▶ _What is expected_
Search the entries for the word "metis". Copy every line that holds it.

▶ _Record excerpts_

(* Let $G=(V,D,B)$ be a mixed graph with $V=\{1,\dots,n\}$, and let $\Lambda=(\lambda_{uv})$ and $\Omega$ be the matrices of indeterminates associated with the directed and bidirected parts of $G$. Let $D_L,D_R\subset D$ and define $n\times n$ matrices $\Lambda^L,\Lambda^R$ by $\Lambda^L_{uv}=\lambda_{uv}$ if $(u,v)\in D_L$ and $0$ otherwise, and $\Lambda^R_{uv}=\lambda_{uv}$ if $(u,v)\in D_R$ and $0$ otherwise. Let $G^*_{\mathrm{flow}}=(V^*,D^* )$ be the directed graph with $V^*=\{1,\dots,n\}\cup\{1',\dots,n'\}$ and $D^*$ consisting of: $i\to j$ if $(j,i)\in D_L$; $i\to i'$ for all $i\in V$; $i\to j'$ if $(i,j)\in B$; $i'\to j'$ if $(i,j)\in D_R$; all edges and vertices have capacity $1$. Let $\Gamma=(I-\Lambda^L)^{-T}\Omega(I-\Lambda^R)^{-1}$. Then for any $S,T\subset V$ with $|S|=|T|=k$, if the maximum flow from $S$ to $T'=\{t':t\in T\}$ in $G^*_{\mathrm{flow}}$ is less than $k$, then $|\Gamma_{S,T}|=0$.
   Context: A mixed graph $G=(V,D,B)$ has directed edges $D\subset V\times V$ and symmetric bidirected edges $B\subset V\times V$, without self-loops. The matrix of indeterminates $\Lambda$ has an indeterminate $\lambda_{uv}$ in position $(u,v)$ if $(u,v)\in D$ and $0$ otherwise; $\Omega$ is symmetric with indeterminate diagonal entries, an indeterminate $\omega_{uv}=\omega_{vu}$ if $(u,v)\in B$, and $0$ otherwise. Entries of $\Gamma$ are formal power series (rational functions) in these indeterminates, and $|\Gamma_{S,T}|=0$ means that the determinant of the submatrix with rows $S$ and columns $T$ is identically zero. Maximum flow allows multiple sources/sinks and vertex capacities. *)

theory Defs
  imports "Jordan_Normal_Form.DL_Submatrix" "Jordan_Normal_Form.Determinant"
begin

==

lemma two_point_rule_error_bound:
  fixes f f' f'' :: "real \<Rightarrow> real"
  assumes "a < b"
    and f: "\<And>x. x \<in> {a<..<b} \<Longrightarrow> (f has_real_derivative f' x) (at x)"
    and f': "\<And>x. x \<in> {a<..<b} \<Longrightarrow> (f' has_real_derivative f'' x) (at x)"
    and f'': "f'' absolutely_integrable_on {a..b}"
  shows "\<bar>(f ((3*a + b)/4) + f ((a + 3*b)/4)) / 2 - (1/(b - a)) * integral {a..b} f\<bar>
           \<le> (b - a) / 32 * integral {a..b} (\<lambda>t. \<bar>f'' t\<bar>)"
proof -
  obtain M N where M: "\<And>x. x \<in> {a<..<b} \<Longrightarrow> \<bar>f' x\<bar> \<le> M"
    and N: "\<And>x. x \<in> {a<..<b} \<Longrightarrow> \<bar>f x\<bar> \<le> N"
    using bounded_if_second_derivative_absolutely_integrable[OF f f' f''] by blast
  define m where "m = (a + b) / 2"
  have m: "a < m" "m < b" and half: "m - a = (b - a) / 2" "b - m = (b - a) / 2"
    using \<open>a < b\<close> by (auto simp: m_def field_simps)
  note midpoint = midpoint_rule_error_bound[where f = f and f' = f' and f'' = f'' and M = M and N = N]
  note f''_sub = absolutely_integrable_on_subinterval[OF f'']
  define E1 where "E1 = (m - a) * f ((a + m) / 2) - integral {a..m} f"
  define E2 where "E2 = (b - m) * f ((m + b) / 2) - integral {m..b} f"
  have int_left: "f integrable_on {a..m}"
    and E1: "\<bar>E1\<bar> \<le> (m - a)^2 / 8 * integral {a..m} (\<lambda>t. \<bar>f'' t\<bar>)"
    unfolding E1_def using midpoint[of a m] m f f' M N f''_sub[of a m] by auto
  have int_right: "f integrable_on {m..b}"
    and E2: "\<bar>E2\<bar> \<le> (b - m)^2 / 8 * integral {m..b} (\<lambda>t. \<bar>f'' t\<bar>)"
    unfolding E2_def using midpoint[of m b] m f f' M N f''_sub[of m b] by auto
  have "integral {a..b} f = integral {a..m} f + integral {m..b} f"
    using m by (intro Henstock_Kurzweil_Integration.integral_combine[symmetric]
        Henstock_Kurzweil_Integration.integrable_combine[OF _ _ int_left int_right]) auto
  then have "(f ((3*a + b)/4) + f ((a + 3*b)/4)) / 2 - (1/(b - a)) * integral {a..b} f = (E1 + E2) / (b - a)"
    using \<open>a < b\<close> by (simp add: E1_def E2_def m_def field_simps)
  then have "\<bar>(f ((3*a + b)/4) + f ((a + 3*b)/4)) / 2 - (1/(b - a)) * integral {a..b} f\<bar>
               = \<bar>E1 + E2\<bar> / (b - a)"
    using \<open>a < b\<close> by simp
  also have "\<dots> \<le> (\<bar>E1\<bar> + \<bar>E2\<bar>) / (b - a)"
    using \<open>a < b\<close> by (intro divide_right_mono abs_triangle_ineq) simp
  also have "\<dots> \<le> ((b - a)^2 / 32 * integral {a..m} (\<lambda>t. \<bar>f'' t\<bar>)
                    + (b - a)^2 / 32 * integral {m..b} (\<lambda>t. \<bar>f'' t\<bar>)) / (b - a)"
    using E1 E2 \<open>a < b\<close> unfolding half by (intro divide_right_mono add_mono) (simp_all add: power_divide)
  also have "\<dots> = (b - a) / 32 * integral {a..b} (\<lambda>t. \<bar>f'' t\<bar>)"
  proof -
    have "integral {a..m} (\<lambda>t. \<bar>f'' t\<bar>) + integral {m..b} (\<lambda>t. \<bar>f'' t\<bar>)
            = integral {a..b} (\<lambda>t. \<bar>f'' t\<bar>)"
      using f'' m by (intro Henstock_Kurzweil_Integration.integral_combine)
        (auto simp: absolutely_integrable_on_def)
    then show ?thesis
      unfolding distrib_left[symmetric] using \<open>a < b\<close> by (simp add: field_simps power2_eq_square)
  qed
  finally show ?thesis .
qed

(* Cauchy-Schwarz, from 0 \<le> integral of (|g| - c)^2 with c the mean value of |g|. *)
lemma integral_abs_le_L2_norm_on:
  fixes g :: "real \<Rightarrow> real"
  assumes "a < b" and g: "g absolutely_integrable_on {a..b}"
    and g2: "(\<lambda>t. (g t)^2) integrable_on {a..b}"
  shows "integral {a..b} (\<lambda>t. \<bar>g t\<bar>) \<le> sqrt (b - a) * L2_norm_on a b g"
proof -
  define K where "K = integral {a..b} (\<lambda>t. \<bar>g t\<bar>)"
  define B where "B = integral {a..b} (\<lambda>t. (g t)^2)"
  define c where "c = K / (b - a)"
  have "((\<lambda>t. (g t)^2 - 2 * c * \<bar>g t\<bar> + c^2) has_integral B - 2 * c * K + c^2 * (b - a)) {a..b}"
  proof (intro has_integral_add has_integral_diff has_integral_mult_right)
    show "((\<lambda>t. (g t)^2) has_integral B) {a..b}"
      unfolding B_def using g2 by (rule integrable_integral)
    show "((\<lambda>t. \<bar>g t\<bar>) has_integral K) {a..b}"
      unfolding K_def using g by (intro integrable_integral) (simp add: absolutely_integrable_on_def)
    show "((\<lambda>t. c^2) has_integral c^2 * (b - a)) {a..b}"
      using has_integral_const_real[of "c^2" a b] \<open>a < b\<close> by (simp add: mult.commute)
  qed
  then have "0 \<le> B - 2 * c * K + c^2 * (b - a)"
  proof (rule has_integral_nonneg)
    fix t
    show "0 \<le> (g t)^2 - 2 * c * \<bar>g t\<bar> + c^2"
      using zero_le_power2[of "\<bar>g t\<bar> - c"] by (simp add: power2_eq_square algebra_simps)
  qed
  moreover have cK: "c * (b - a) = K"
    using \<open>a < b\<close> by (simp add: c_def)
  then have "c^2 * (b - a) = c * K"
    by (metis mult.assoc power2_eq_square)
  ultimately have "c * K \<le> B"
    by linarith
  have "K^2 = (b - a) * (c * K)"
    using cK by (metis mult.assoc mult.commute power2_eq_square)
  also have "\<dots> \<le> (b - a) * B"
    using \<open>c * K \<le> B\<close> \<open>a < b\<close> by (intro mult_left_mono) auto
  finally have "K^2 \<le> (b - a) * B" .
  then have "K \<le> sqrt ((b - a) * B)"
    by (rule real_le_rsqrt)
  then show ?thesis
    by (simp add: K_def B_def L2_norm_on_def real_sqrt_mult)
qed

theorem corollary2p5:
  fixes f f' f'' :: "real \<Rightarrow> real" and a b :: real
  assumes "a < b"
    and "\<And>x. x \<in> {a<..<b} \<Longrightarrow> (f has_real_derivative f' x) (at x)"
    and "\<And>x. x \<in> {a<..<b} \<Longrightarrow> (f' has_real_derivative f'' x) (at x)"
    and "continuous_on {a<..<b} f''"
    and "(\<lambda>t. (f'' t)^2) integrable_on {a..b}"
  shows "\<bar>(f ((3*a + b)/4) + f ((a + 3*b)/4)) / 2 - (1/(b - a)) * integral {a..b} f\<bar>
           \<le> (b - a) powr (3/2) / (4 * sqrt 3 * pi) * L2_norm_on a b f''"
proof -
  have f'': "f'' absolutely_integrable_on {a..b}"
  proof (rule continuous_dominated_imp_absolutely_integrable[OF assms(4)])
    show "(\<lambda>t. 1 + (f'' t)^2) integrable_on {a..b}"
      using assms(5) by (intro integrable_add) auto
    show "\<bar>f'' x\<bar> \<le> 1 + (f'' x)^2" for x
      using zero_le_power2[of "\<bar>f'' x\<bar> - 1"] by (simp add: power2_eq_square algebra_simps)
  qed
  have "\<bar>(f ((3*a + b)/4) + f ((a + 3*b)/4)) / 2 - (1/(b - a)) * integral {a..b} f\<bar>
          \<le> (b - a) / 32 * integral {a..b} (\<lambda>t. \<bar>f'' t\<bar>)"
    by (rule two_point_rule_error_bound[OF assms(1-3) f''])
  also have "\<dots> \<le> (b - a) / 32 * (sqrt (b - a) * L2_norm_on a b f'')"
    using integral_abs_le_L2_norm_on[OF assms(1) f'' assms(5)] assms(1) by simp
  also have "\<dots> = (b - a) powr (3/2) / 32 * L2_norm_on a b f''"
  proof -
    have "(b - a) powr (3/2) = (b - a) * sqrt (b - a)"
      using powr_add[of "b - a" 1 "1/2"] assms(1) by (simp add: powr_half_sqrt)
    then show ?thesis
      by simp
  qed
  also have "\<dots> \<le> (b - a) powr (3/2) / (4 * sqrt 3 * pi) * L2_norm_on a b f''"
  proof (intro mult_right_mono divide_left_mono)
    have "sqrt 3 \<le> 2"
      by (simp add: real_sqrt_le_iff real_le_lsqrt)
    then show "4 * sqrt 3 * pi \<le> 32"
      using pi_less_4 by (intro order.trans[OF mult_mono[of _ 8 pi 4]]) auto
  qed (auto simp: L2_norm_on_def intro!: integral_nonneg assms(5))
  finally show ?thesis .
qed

▶ _Problem solution_
    by (metis mult.assoc power2_eq_square)
    using cK by (metis mult.assoc mult.commute power2_eq_square)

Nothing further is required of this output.